# glock or springfield?



## tj handgun (Dec 5, 2006)

G21 reduced recoil, .45 acp one mag, 13 rouns, and the gun; or springfield's new .45 acp XD bi-tone, 14 rounds, with case, two mags, two mag-holder, mag loader, and hard form-fitting holdster?
also any details on either gun just for FYI would be apreciated.
oh and i know the glock is much more expesive than the springfield that i think is about 600 after it's all said and done. this information too would be helpful..thanks.


----------



## Remington 7400 (Dec 14, 2005)

If I was forced to pack a polymer pistol I would pray it was not a hand grenade as well.

So I'd go Springfield.


----------



## People (Jan 17, 2005)

Any gun can come apart. All of us have seen the picts of the glocks that came apart. 
Truth be any of the handguns will work great. 
I say you need to hold them and if you can shoot them. That will tell you what you want to get.

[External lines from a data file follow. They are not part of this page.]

(* Let $\mathcal A_+,\mathcal A_-\subseteq\mathbb Z^n$ be disjoint finite sets, $\mathcal A=\mathcal A_+\cup\mathcal A_-$, and assume $\mathcal A_-\neq\varnothing$ and $\operatorname{vertices}(\operatorname{conv}(\mathcal A))\subseteq\mathcal A_+$. Let $\Gamma$ be the smallest face of $\operatorname{conv}(\mathcal A)$ containing $\mathcal A_-$, and let $J$ be the set of faces $\Gamma'$ of $\Gamma$ with $\Gamma'\cap\mathcal A_-\neq\varnothing$. Let $f\in\mathcal S(\mathcal A_+,\mathcal A_-)$ have nonsigned coefficients $c\in\mathbb R^{\mathcal A}_{>0}$, and let $h:\mathcal A\to\mathbb Z$ be a height function lifting $\mathcal A_-$. Define $$S:=\bigcup_{\Gamma'\in J}\{t\in\mathbb R_{>0}:\ F^{\Gamma'}(\pi_{\Gamma'}(c\star t^h),x)=0\text{ for some }x\in\mathbb R^n_{>0}\}.$$ Then (i) $S$ has a minimum $t_*$; and (ii) $f$ is copositive if and only if $t_*\ge 1$.
   Context: For disjoint finite $\mathcal A_+,\mathcal A_-\subseteq\mathbb R^n$, a signomial with signed support $(\mathcal A_+,\mathcal A_-)$ is a function $f:\mathbb R^n_{>0}\to\mathbb R$, $f(x)=\sum_{a\in\mathcal A_+}c_ax^a-\sum_{b\in\mathcal A_-}c_bx^b$ with all $c_a,c_b>0$ (the nonsigned coefficients), where $x^a=\prod_i x_i^{a_i}$. $\mathcal A=\mathcal A_+\cup\mathcal A_-$ is the support; $\mathcal S(\mathcal A_+,\mathcal A_-)$ is the set of such signomials, identified with $\mathbb R^{\mathcal A}_{>0}$ via the nonsigned coefficients; $f_c$ denotes the signomial with nonsigned coefficients $c$. $f$ is copositive if $f(x)\ge0$ for all $x\in\mathbb R^n_{>0}$. The critical system of $(\mathcal A_+,\mathcal A_-)$ is $F(c,x)=(f_c(x),x_1\partial_{x_1}f_c(x),\dots,x_n\partial_{x_n}f_c(x))$ for $c\in\mathbb R^{\mathcal A}_{>0}$, $x\in\mathbb R^n_{>0}$. For a nonempty face $\Gamma'$ of $\operatorname{conv}(\mathcal A)$, $\mathcal A^{\Gamma'}_\pm=\mathcal A_\pm\cap\Gamma'$, $\mathcal A^{\Gamma'}=\mathcal A\cap\Gamma'$, $\pi_{\Gamma'}:\mathbb R^{\mathcal A}\to\mathbb R^{\mathcal A^{\Gamma'}}$ is the coordinate projection, and $F^{\Gamma'}$ is the critical system of $(\mathcal A^{\Gamma'}_+,\mathcal A^{\Gamma'}_-)$ (i.e. of the truncation $f^{\Gamma'}$, obtained by keeping only the terms of $f$ with exponent in $\Gamma'$). A height function $h:\mathcal A\to\mathbb Z$ lifts $\mathcal A_-$ if $h(a)>0$ for $a\in\mathcal A_-$ and $h(a)=0$ for $a\in\mathcal A_+$; $c\star t^h$ denotes the vector $(c_at^{h(a)})_{a\in\mathcal A}$. *)

theory Defs
  imports "HOL-Analysis.Analysis"
begin
theorem proposition1:
  fixes M :: "'a measure"
    and K L Mx My k k' :: nat
    and lam dx dy :: real
    and \<beta> :: "nat \<Rightarrow> nat \<Rightarrow> real"
    and \<phi> \<theta>x \<theta>y :: "nat \<Rightarrow> nat \<Rightarrow> 'a \<Rightarrow> real"
    and \<alpha>x \<alpha>y :: "nat \<Rightarrow> nat \<Rightarrow> real"
  defines "I \<equiv> {..<K} \<times> {1..L}"
    and "h \<equiv> (\<lambda>u \<omega> m. \<Sum>l\<in>{1..L}. complex_of_real (\<beta> u l) * exp (\<i> * complex_of_real (\<phi> u l \<omega>))
                 * steer lam dx dy (\<theta>x u l \<omega>) (\<theta>y u l \<omega>) m)"
  assumes "prob_space M"
    and "K \<ge> 2" and "k < K" and "k' < K" and "k \<noteq> k'"
    and "Mx > 0" and "My > 0" and "lam > 0" and "dx > 0" and "dy > 0"
    and angles_rv: "\<And>u l. (u, l) \<in> I \<Longrightarrow> \<theta>x u l \<in> borel_measurable M \<and> \<theta>y u l \<in> borel_measurable M"
    and phases_indep: "prob_space.indep_vars M (\<lambda>_. borel) (\<lambda>i. \<phi> (fst i) (snd i)) I"
    and phases_unif: "\<And>u l. (u, l) \<in> I \<Longrightarrow> distr M lborel (\<phi> u l) = uniform_measure lborel {0..2 * pi}"
    and phases_angles_indep:
      "prob_space.indep_var M
         (PiM ({True} \<times> I) (\<lambda>_. borel))
         (\<lambda>\<omega>. \<lambda>j\<in>{True} \<times> I. \<phi> (fst (snd j)) (snd (snd j)) \<omega>)
         (PiM (UNIV \<times> I) (\<lambda>_. borel))
         (\<lambda>\<omega>. \<lambda>j\<in>UNIV \<times> I. if fst j then \<theta>x (fst (snd j)) (snd (snd j)) \<omega>
                                   else \<theta>y (fst (snd j)) (snd (snd j)) \<omega>)"
    and diff_x: "\<And>l l'. l \<in> {1..L} \<Longrightarrow> l' \<in> {1..L} \<Longrightarrow>
       sym_uniform M (\<lambda>\<omega>. sin (\<theta>x k l \<omega>) - sin (\<theta>x k' l' \<omega>)) (\<alpha>x l l')"
    and diff_y: "\<And>l l'. l \<in> {1..L} \<Longrightarrow> l' \<in> {1..L} \<Longrightarrow>
       sym_uniform M (\<lambda>\<omega>. sin (\<theta>y k l \<omega>) - sin (\<theta>y k' l' \<omega>)) (\<alpha>y l l')"
    and diff_indep: "\<And>l l'. l \<in> {1..L} \<Longrightarrow> l' \<in> {1..L} \<Longrightarrow>
       prob_space.indep_var M
         borel (\<lambda>\<omega>. sin (\<theta>x k l \<omega>) - sin (\<theta>x k' l' \<omega>))
         borel (\<lambda>\<omega>. sin (\<theta>y k l \<omega>) - sin (\<theta>y k' l' \<omega>))"
    and alpha_range: "\<And>l l'. l \<in> {1..L} \<Longrightarrow> l' \<in> {1..L} \<Longrightarrow>
       \<alpha>x l l' \<in> {0..1} \<and> \<alpha>y l l' \<in> {0..1}"
  shows "cvar M (\<lambda>\<omega>. (1 / of_nat (Mx * My)) *
            (\<Sum>m\<in>{..<Mx} \<times> {..<My}. cnj (h k \<omega> m) * h k' \<omega> m))
         = (\<Sum>l\<in>{1..L}. \<Sum>l'\<in>{1..L}. (\<beta> k l * \<beta> k' l')\<^sup>2
              * eta (dx * \<alpha>x l l' / lam) Mx * eta (dy * \<alpha>y l l' / lam) My)"
proof -
  interpret prob_space M by fact
  define \<Theta> where "\<Theta> \<omega> = (\<lambda>j\<in>UNIV \<times> I. if fst j then \<theta>x (fst (snd j)) (snd (snd j)) \<omega>
                                   else \<theta>y (fst (snd j)) (snd (snd j)) \<omega>)" for \<omega>
  have kI: "(k, l) \<in> I" "(k', l) \<in> I" if "l \<in> {1..L}" for l
    using that \<open>k < K\<close> \<open>k' < K\<close> by (auto simp: I_def)
  interpret uniform_phases M "{True} \<times> I" "\<lambda>j. \<phi> (fst (snd j)) (snd (snd j))" "\<Pi>\<^sub>M j\<in>UNIV \<times> I. borel" \<Theta>
    using uniform_phases_tagged[of I "\<lambda>i. \<phi> (fst i) (snd i)"] phases_indep phases_unif phases_angles_indep
    by (simp add: I_def \<Theta>_def[abs_def])
  define c where "c l l' = \<beta> k l * \<beta> k' l' / real (Mx * My)" for l l'
  define g where "g l l' = angle_array_factor Mx My (dx / lam) (dy / lam) (k, l) (k', l')" for l l' :: nat
  have channel: "(1 / of_nat (Mx * My)) * (\<Sum>m\<in>{..<Mx} \<times> {..<My}. cnj (h k \<omega> m) * h k' \<omega> m)
      = (\<Sum>l\<in>{1..L}. \<Sum>l'\<in>{1..L}. c l l' * cis (\<phi> k' l' \<omega> - \<phi> k l \<omega>) * g l l' (\<Theta> \<omega>))" for \<omega>
    unfolding h_def channel_inner_product
    by (simp add: sum_distrib_left c_def g_def angle_array_factor_def \<Theta>_def kI mult_ac)
  have cvar_sum: "cvar M (\<lambda>\<omega>. \<Sum>l\<in>{1..L}. \<Sum>l'\<in>{1..L}. c l l' * cis (\<phi> k' l' \<omega> - \<phi> k l \<omega>) * g l l' (\<Theta> \<omega>))
      = (\<Sum>l\<in>{1..L}. \<Sum>l'\<in>{1..L}. (c l l')\<^sup>2 * (\<integral>\<omega>. (cmod (g l l' (\<Theta> \<omega>)))\<^sup>2 \<partial>M))"
    using kI \<open>k \<noteq> k'\<close>
    by (intro cvar_cross_phase_sum[where a="\<lambda>l. (True, k, l)" and a'="\<lambda>l. (True, k', l)"
          and B="real Mx * real My", unfolded fst_conv snd_conv])
       (auto simp: g_def inj_on_def borel_measurable_angle_array_factor norm_angle_array_factor_le)
  have "(c l l')\<^sup>2 * (\<integral>\<omega>. (cmod (g l l' (\<Theta> \<omega>)))\<^sup>2 \<partial>M)
      = (\<beta> k l * \<beta> k' l')\<^sup>2 * eta (dx * \<alpha>x l l' / lam) Mx * eta (dy * \<alpha>y l l' / lam) My"
    if "l \<in> {1..L}" "l' \<in> {1..L}" for l l'
    using integral_norm_planar_array_factor_sq[OF diff_indep[OF that] diff_x[OF that] diff_y[OF that]]
      alpha_range[OF that] kI that \<open>Mx > 0\<close> \<open>My > 0\<close>
    by (simp add: c_def g_def angle_array_factor_def \<Theta>_def power2_eq_square field_simps)
  then show ?thesis
    unfolding channel cvar_sum by (intro sum.cong refl) auto
qed
(* Let $P$ be any poset. Then there exists no strictly isotone map $f:\mathrm{ch}\text{-}\mathrm{Id}(P)\to P$. Consequently, there exists no embedding of posets $f:\mathrm{Id}(P)\to P$.
   Context: For a poset $P$ and a subset $X\subseteq P$, write $P\downarrow X=\{y\in P\mid \exists x\in X,\ y\le x\}$. A downset of $P$ is a subset $d$ with $x\le y\in d\Rightarrow x\in d$. An ideal of $P$ is a (possibly empty) upward directed downset of $P$ (upward directed: every two elements have a common upper bound in the set). $\mathrm{Id}(P)$ denotes the set of all ideals of $P$ (including $\emptyset$), partially ordered by inclusion. $\mathrm{ch}\text{-}\mathrm{Id}(P)$ denotes the subposet of $\mathrm{Id}(P)$ consisting of the ideals of the form $P\downarrow C$ with $C\subseteq P$ a chain (possibly empty). A map $f:P\to Q$ of posets is strictly isotone if $x<y$ in $P$ implies $f(x)<f(y)$ in $Q$. *)

theory Defs
  imports Main
begin

text \<open>A poset is represented as a carrier set P inside a type of class order,
  with the induced order. Every poset (including the empty one) is of this form.\<close>

definition down_of :: "'a::order set \<Rightarrow> 'a set \<Rightarrow> 'a set" where
  "down_of P X = {y \<in> P. \<exists>x\<in>X. y \<le> x}"

definition is_chain_in :: "'a::order set \<Rightarrow> 'a set \<Rightarrow> bool" where
  "is_chain_in P C \<longleftrightarrow> C \<subseteq> P \<and> (\<forall>x\<in>C. \<forall>y\<in>C. x \<le> y \<or> y \<le> x)"

definition is_ideal :: "'a::order set \<Rightarrow> 'a set \<Rightarrow> bool" where
  "is_ideal P d \<longleftrightarrow> d \<subseteq> P
     \<and> (\<forall>x\<in>P. \<forall>y\<in>d. x \<le> y \<longrightarrow> x \<in> d)
     \<and> (\<forall>x\<in>d. \<forall>y\<in>d. \<exists>z\<in>d. x \<le> z \<and> y \<le> z)"

definition Id_of :: "'a::order set \<Rightarrow> 'a set set" where
  "Id_of P = {d. is_ideal P d}"

definition chId_of :: "'a::order set \<Rightarrow> 'a set set" where
  "chId_of P = {d \<in> Id_of P. \<exists>C. is_chain_in P C \<and> d = down_of P C}"

definition strictly_isotone_on :: "'a set set \<Rightarrow> 'b::order set \<Rightarrow> ('a set \<Rightarrow> 'b) \<Rightarrow> bool" where
  "strictly_isotone_on A Q f \<longleftrightarrow> (\<forall>d\<in>A. f d \<in> Q) \<and>
     (\<forall>d\<in>A. \<forall>e\<in>A. d \<subset> e \<longrightarrow> f d < f e)"

definition order_embedding_on :: "'a set set \<Rightarrow> 'b::order set \<Rightarrow> ('a set \<Rightarrow> 'b) \<Rightarrow> bool" where
  "order_embedding_on A Q f \<longleftrightarrow> (\<forall>d\<in>A. f d \<in> Q) \<and>
     (\<forall>d\<in>A. \<forall>e\<in>A. d \<subseteq> e \<longleftrightarrow> f d \<le> f e)"

end

theory Submission
  imports Defs
begin

text \<open>Call a chain C of P bounded by f if every element of C lies strictly below f(\<down>C).
  For a strictly isotone f the bounded chains are closed under unions of
  \<subseteq>-chains, so Zorn's lemma gives a maximal one M. But a = f(\<down>M) lies strictly
  above M, so M \<union> {a} is again a chain, and its downset strictly contains \<down>M;
  hence f(\<down>(M \<union> {a})) > a and M \<union> {a} is a strictly larger bounded chain.
  An embedding of Id(P) restricts to a strictly isotone map on ch-Id(P).\<close>

lemma down_of_mono: "X \<subseteq> Y \<Longrightarrow> down_of P X \<subseteq> down_of P Y"
  unfolding down_of_def by blast

lemma down_of_in_chId_of:
  assumes C: "is_chain_in P C"
  shows "down_of P C \<in> chId_of P"
proof -
  have "is_ideal P (down_of P C)"
    unfolding is_ideal_def
  proof (intro conjI ballI impI)
    show "down_of P C \<subseteq> P" by (auto simp: down_of_def)
  next
    fix x y assume "x \<in> P" "y \<in> down_of P C" "x \<le> y"
    then show "x \<in> down_of P C" by (auto simp: down_of_def intro: order_trans)
  next
    fix x y assume "x \<in> down_of P C" "y \<in> down_of P C"
    then obtain a b where a: "a \<in> C" "x \<le> a" and b: "b \<in> C" "y \<le> b"
      by (auto simp: down_of_def)
    have "a \<in> down_of P C" "b \<in> down_of P C"
      using a b C by (auto simp: down_of_def is_chain_in_def)
    moreover have "a \<le> b \<or> b \<le> a" using a b C by (auto simp: is_chain_in_def)
    ultimately show "\<exists>z\<in>down_of P C. x \<le> z \<and> y \<le> z"
      using a b by (meson order_trans)
  qed
  then show ?thesis using C by (auto simp: chId_of_def Id_of_def)
qed

lemma chId_of_subset_Id_of: "chId_of P \<subseteq> Id_of P"
  unfolding chId_of_def by blast

lemma is_chain_in_insert_upper:
  assumes "is_chain_in P C" "a \<in> P" "\<forall>x\<in>C. x \<le> a"
  shows "is_chain_in P (insert a C)"
  using assms unfolding is_chain_in_def by blast

lemma is_chain_in_Union:
  assumes "Ch \<in> chains {C. is_chain_in P C}"
  shows "is_chain_in P (\<Union>Ch)"
  unfolding is_chain_in_def
proof (intro conjI ballI)
  show "\<Union>Ch \<subseteq> P" using assms by (auto simp: chains_def is_chain_in_def)
next
  fix x y assume "x \<in> \<Union>Ch" "y \<in> \<Union>Ch"
  then obtain X Y where XY: "X \<in> Ch" "Y \<in> Ch" "x \<in> X" "y \<in> Y" by blast
  then have "X \<subseteq> Y \<or> Y \<subseteq> X" using assms by (auto simp: chains_def chain_subset_def)
  then obtain Z where "Z \<in> Ch" "x \<in> Z" "y \<in> Z" using XY by blast
  then show "x \<le> y \<or> y \<le> x" using assms by (auto simp: chains_def is_chain_in_def)
qed

lemma strictly_isotone_on_mono:
  assumes "strictly_isotone_on A Q f" "d \<in> A" "e \<in> A" "d \<subseteq> e"
  shows "f d \<le> f e"
  using assms unfolding strictly_isotone_on_def by (metis order_refl psubsetI less_imp_le)

lemma order_embedding_on_imp_strictly_isotone_on:
  assumes "order_embedding_on A Q f" "B \<subseteq> A"
  shows "strictly_isotone_on B Q f"
  using assms unfolding order_embedding_on_def strictly_isotone_on_def
  by (metis less_le_not_le psubset_eq subsetD)

definition bounded_chains :: "'a::order set \<Rightarrow> ('a set \<Rightarrow> 'a) \<Rightarrow> 'a set set" where
  "bounded_chains P f = {C. is_chain_in P C \<and> (\<forall>x\<in>C. x < f (down_of P C))}"

lemma bounded_chains_Union:
  assumes f: "strictly_isotone_on (chId_of P) P f"
    and Ch: "Ch \<in> chains (bounded_chains P f)"
  shows "\<Union>Ch \<in> bounded_chains P f"
proof -
  have "Ch \<in> chains {C. is_chain_in P C}"
    using Ch by (auto simp: chains_def bounded_chains_def)
  then have U: "is_chain_in P (\<Union>Ch)" by (rule is_chain_in_Union)
  have "x < f (down_of P (\<Union>Ch))" if "X \<in> Ch" "x \<in> X" for X x
  proof -
    have X: "X \<in> bounded_chains P f" using Ch \<open>X \<in> Ch\<close> by (auto simp: chains_def)
    then have "x < f (down_of P X)" using \<open>x \<in> X\<close> by (simp add: bounded_chains_def)
    also have "f (down_of P X) \<le> f (down_of P (\<Union>Ch))"
      using X U \<open>X \<in> Ch\<close>
      by (intro strictly_isotone_on_mono[OF f] down_of_in_chId_of down_of_mono)
         (auto simp: bounded_chains_def)
    finally show ?thesis .
  qed
  with U show ?thesis by (auto simp: bounded_chains_def)
qed

lemma bounded_chains_insert:
  assumes f: "strictly_isotone_on (chId_of P) P f"
    and M: "M \<in> bounded_chains P f"
  defines "a \<equiv> f (down_of P M)"
  shows "insert a M \<in> bounded_chains P f" and "a \<notin> M"
proof -
  have Mch: "is_chain_in P M" and below: "\<forall>x\<in>M. x < a"
    using M by (auto simp: bounded_chains_def a_def)
  then show "a \<notin> M" by blast
  have "a \<in> P" using f down_of_in_chId_of[OF Mch] by (auto simp: strictly_isotone_on_def a_def)
  then have aM: "is_chain_in P (insert a M)"
    using is_chain_in_insert_upper[OF Mch] below by (simp add: less_imp_le)
  have "a \<notin> down_of P M" using below by (auto simp: down_of_def dest: leD)
  moreover have "a \<in> down_of P (insert a M)" using \<open>a \<in> P\<close> by (auto simp: down_of_def)
  ultimately have "down_of P M \<subset> down_of P (insert a M)"
    using down_of_mono[of M "insert a M" P] by blast
  then have "a < f (down_of P (insert a M))"
    using f down_of_in_chId_of[OF Mch] down_of_in_chId_of[OF aM]
    unfolding strictly_isotone_on_def a_def by blast
  with below aM show "insert a M \<in> bounded_chains P f"
    by (auto simp: bounded_chains_def intro: less_trans)
qed

lemma no_strictly_isotone_on_chId_of:
  fixes P :: "'a::order set"
  shows "\<not> strictly_isotone_on (chId_of P) P f"
proof
  assume f: "strictly_isotone_on (chId_of P) P f"
  obtain M where M: "M \<in> bounded_chains P f"
    and max: "\<forall>X\<in>bounded_chains P f. M \<subseteq> X \<longrightarrow> X = M"
    using Zorn_Lemma[of "bounded_chains P f"] bounded_chains_Union[OF f] by blast
  show False
    using bounded_chains_insert[OF f M] max by blast
qed

theorem theorem2p1:
  fixes P :: "'a::order set"
  shows "(\<nexists>f. strictly_isotone_on (chId_of P) P f) \<and> (\<nexists>f. order_embedding_on (Id_of P) P f)"
  using no_strictly_isotone_on_chId_of
    order_embedding_on_imp_strictly_isotone_on[OF _ chId_of_subset_Id_of]
  by blast

end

The only guns you want to stay away from are Hessy and Vulcan arms. These have a tendence of comming apart and their customer service... Oh yeah they do not have any.

America didn't win the American Revolution. Chuck Norris beat the British by himself. Drunk.


----------



## Gun Owner (Sep 9, 2005)

Im honestly not in the market for either weapon, nor do I own either...

That being said, I'd probably go for the XD over the Glock. They are both going to be great weapons, in terms of both reliability and customer service. You just get more for you're money with the XD.

Head to a range, and see if you can rent or borrow these and shoot em. Im a big supporter of shooting first, then buying. While both of these weapons are great, it may be only one truly fits you well.


----------